Le Comité des droits de l’enfant doit clore les travaux de sa 87 e session vendredi prochain, 4 juin, à 16h.
Examen du rapport
Le Comité était saisi du rapport valant quatrième à sixième rapports périodiques soumis par la Tunisie (CRC/C/TUN/RQ/4-6), ainsi que des réponses de la Tunisie à une liste de points à traiter soumise par le Comité.
Présentation du rapport
Présentant ce rapport, le chef de la délégation tunisienne, M. OTHMAN JERANDI, Ministre des affaires étrangères, de la migration et des Tunisiens à l’étranger de la Tunisie, a indiqué qu’il portait sur les mesures et lois que la Tunisie a adoptées dans le cadre du renforcement de son système des droits de l'enfant aux niveaux législatif et institutionnel. Le rapport a été rédigé avec les organes nationaux indépendants liés aux droits de l'homme, avec des composantes de la société civile et avec les défenseurs des droits de l'homme ; un rapport parallèle a aussi été soumis au Comité, a-t-il précisé.
Depuis l’examen du précédent rapport périodique, a indiqué le Ministre, la Tunisie a adhéré, notamment, à la Convention du Conseil de l'Europe sur la protection des enfants contre l'exploitation et les abus sexuels (Convention de Lanzarote). La Tunisie est ainsi le premier pays en dehors du Conseil de l'Europe à adhérer à cette Convention, qui est entrée en vigueur en février 2020, a fait valoir M. Jerandi.
Depuis la remise de son rapport en avril 2018, a ajouté le Ministre, la Tunisie a encore renforcé les normes législatives relatives aux droits de l'enfant et a enregistré, dans ce contexte, une étape historique en adhérant au troisième Protocole facultatif à la Convention relative aux droits de l'enfant, concernant la soumission des communications (plaintes individuelles) devant le Comité des droits de l’enfant.
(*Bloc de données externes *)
lemma J_join_meet_zero: "x \<in> A \<Longrightarrow> J x \<squnion> x \<sqinter> zero = x"
proof -
  assume x: "x \<in> A"
  have "x \<squnion> J x = x \<squnion> J (x \<sqinter> zero)"
    using join_J [of x "x \<sqinter> zero"] x by (simp add: join_meet_zero_self closed)
  then have "x \<squnion> J x = x"
    using x by (simp add: meet_zero_eq_meet_neg J_meet_neg join_commute [of x zero] zero_join closed)
  then have "J x \<sqinter> (J x \<squnion> x) = x"
    using x by (simp add: join_commute [of "J x"] meet_commute [of "J x"] meet_J J_closed)
  then show ?thesis
    using x by (simp add: meet_join_absorb J_closed)
qed

lemma plonka_p_image_fibre:
  assumes a: "a \<in> A" and b: "b \<in> A" and le: "fibre_le meet join a b"
  shows "plonka_p meet join b ` fibre A meet join a = fibre A meet join b"
proof
  have le': "a \<sqinter> zero \<squnion> b \<sqinter> zero = b \<sqinter> zero"
    using le a b by (simp add: fibre_le_iff)
  show "plonka_p meet join b ` fibre A meet join a \<subseteq> fibre A meet join b"
  proof
    fix y assume "y \<in> plonka_p meet join b ` fibre A meet join a"
    then obtain x where x: "x \<in> A" "x \<sqinter> zero = a \<sqinter> zero" and y: "y = x \<squnion> b \<sqinter> zero"
      using a b by (auto simp: mem_fibre_iff plonka_p_eq)
    then show "y \<in> fibre A meet join b"
      using b le' by (simp add: mem_fibre_iff join_meet_zero_distrib meet_zero_meet_zero closed)
  qed
  show "fibre A meet join b \<subseteq> plonka_p meet join b ` fibre A meet join a"
  proof
    fix y assume "y \<in> fibre A meet join b"
    then have y: "y \<in> A" "y \<sqinter> zero = b \<sqinter> zero"
      using b by (simp_all add: mem_fibre_iff)
    define x where "x = J y \<squnion> a \<sqinter> zero"
    have "x \<in> fibre A meet join a"
      using a y by (simp add: x_def mem_fibre_iff join_meet_zero_distrib J_meet_zero
          meet_zero_meet_zero zero_join J_closed closed)
    moreover have "plonka_p meet join b x = y"
      using a b y le' J_join_meet_zero [of y]
      by (simp add: x_def plonka_p_eq join_assoc J_closed closed)
    ultimately show "y \<in> plonka_p meet join b ` fibre A meet join a"
      by blast
  qed
qed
D’autre part, la Tunisie, conformément à ses obligations internationales, a promulgué un certain nombre de lois fondamentales relatives aux droits de l'enfant, parmi lesquelles la loi de 2016 sur la prévention et la lutte contre la traite des personnes, ou encore la loi fondamentale de 2017 relative à l'élimination de la violence à l'égard des femmes, qui comprend un certain nombre de dispositions relatives à l'enfant, en particulier l'abolition de la possibilité donnée au violeur d’épouser sa victime ; la même loi a élargi la portée des crimes relatifs à l'exploitation sexuelle des enfants pour inclure les garçons – alors que cela se limitait auparavant aux filles.
Un certain nombre de défis attendent toujours la Tunisie, notamment les problèmes de l’abandon scolaire, du travail des enfants et de la montée de la violence à leur encontre que ce soit dans l'espace numérique ou physique, a indiqué le Ministre. En outre, la crise de la COVID-19 a révélé certaines vulnérabilités, notamment en ce qui concerne la santé mentale de l'enfant et l'accès à l’éducation pour tous.
M. Jerandi a conclu sa présentation en priant le Comité d’exiger d’Israël qu’il mette fin aux violations subies par les enfants palestiniens.
Questions et observations des membres du Comité
M. BRAGI GUDBRANDSSON, membre du Comité et coordonnateur du groupe de travail chargé d’examiner plus en détail le rapport de la Tunisie, a salué les importants accomplissements réalisés en faveur des enfants par la Tunisie depuis un an, en particulier les ratifications de la Convention de Lanzarote et du Protocole facultatif à la Convention relative aux droits de l’enfant concernant les plaintes individuelles (communications).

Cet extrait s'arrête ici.